◆ **WORK ITEM**
Repeat each line, word for word, from the one containing "by (simp add: F_def)" through the last line of the entries, and include no other output.

Start of SUPPLIED RECORDS

lemma A_compl_orthant_homeomorphic:
  assumes "a \<noteq> []" "\<forall>r\<in>set a. 2 \<le> r" "S \<subseteq> {..<n}"
  shows "A_compl_orthant a n S homeomorphic C_compl_on a S \<times> C_compl_on a ({..<n} - S)"
proof -
  define T where "T = {..<n} - S"
  define L where "L = ln (real (hd a))"
  have "2 \<le> hd a"
    using assms(1,2) hd_in_set by blast
  then have "L \<noteq> 0"
    by (simp add: L_def)
  have orthant: "x \<in> A_compl_orthant a n S \<longleftrightarrow> x \<in> Rn n \<and> (\<forall>i\<in>S. 0 < x i) \<and>
      (\<forall>i\<in>T. x i < 0) \<and> avoids_A_on a S x \<and> avoids_A_on a T (- x)" for x
    unfolding T_def by (rule A_compl_orthant_iff[OF assms(3)])
  note log_chart_mem = log_chart_mem_C_compl_on[OF assms(1,2), folded L_def]
  note exp_chart_avoids = avoids_A_on_exp_chart[OF assms(1,2), folded L_def]
  define F where "F x = (log_chart L S x, log_chart L T (- x))" for x
  define G where "G p = (\<lambda>i. exp_chart L S (fst p) i - exp_chart L T (snd p) i)" for p
  have "S \<inter> T = {}" and outside: "\<And>i. i \<notin> S \<and> i \<notin> T \<longleftrightarrow> n \<le> i"
    using assms(3) by (auto simp: T_def)
  then have G_on_S: "\<And>p i. i \<in> S \<Longrightarrow> G p i = exp (L * fst p i)"
    and G_on_T: "\<And>p i. i \<in> T \<Longrightarrow> G p i = - exp (L * snd p i)"
    and G_outside: "\<And>p i. i \<notin> S \<Longrightarrow> i \<notin> T \<Longrightarrow> G p i = 0"
    by (auto simp: G_def exp_chart_def)
  have "homeomorphism (A_compl_orthant a n S) (C_compl_on a S \<times> C_compl_on a T) F G"
  proof (rule homeomorphismI)
    show "continuous_on (A_compl_orthant a n S) F"
      unfolding F_def using orthant
      by (intro continuous_on_Pair continuous_on_log_chart) (auto intro: continuous_intros continuous_on_coordinate)
    have "continuous_on X (\<lambda>p. fst p i)" "continuous_on X (\<lambda>p. snd p i)"
      for X :: "((nat \<Rightarrow> real) \<times> (nat \<Rightarrow> real)) set" and i
      by (rule continuous_on_product_then_coordinatewise, intro continuous_intros)+
    then show "continuous_on (C_compl_on a S \<times> C_compl_on a T) G"
      unfolding G_def
      by (intro continuous_on_coordinatewise_then_product continuous_on_diff continuous_on_exp_chart)
    show "F ` A_compl_orthant a n S \<subseteq> C_compl_on a S \<times> C_compl_on a T"
      using orthant log_chart_mem by (auto simp: F_def)
    show "G ` (C_compl_on a S \<times> C_compl_on a T) \<subseteq> A_compl_orthant a n S"
    proof clarify
      fix u v assume uv: "u \<in> C_compl_on a S" "v \<in> C_compl_on a T"
      have "avoids_A_on a S (G (u, v))"
        using exp_chart_avoids[OF uv(1)] avoids_A_on_cong[of S "G (u, v)" "exp_chart L S u"]
        by (simp add: G_on_S exp_chart_def)
      moreover have "avoids_A_on a T (- G (u, v))"
        using exp_chart_avoids[OF uv(2)] avoids_A_on_cong[of T "- G (u, v)" "exp_chart L T v"]
        by (simp add: G_on_T exp_chart_def)
      moreover have "G (u, v) \<in> Rn n"
        using G_outside outside unfolding Rn_def by blast
      moreover have "\<forall>i\<in>S. 0 < G (u, v) i" "\<forall>i\<in>T. G (u, v) i < 0"
        by (simp_all add: G_on_S G_on_T)
      ultimately show "G (u, v) \<in> A_compl_orthant a n S"
        using orthant by blast
    qed
    show "G (F x) = x" if "x \<in> A_compl_orthant a n S" for x
    proof
      fix i
      have "x \<in> Rn n" "\<forall>i\<in>S. 0 < x i" "\<forall>i\<in>T. x i < 0"
        using that orthant by blast+
      then show "G (F x) i = x i"
        using \<open>L \<noteq> 0\<close> G_outside[of i] outside[of i]
        by (cases "i \<in> S"; cases "i \<in> T") (auto simp: G_on_S G_on_T F_def log_chart_def Rn_def)
    qed
    show "F (G p) = p" if "p \<in> C_compl_on a S \<times> C_compl_on a T" for p
    proof -
      have "log_chart L S (G p) = fst p" "log_chart L T (- G p) = snd p"
        using that \<open>L \<noteq> 0\<close> by (auto simp: log_chart_def G_on_S G_on_T C_compl_on_def fun_eq_iff)
      then show ?thesis
        by (simp add: F_def)
    qed
  qed
  then show ?thesis
    unfolding T_def homeomorphic_def by blast
qed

End of SUPPLIED RECORDS

◆ **TASK ANSWER**
        by (simp add: F_def)
    qed
  qed
  then show ?thesis
    unfolding T_def homeomorphic_def by blast
qed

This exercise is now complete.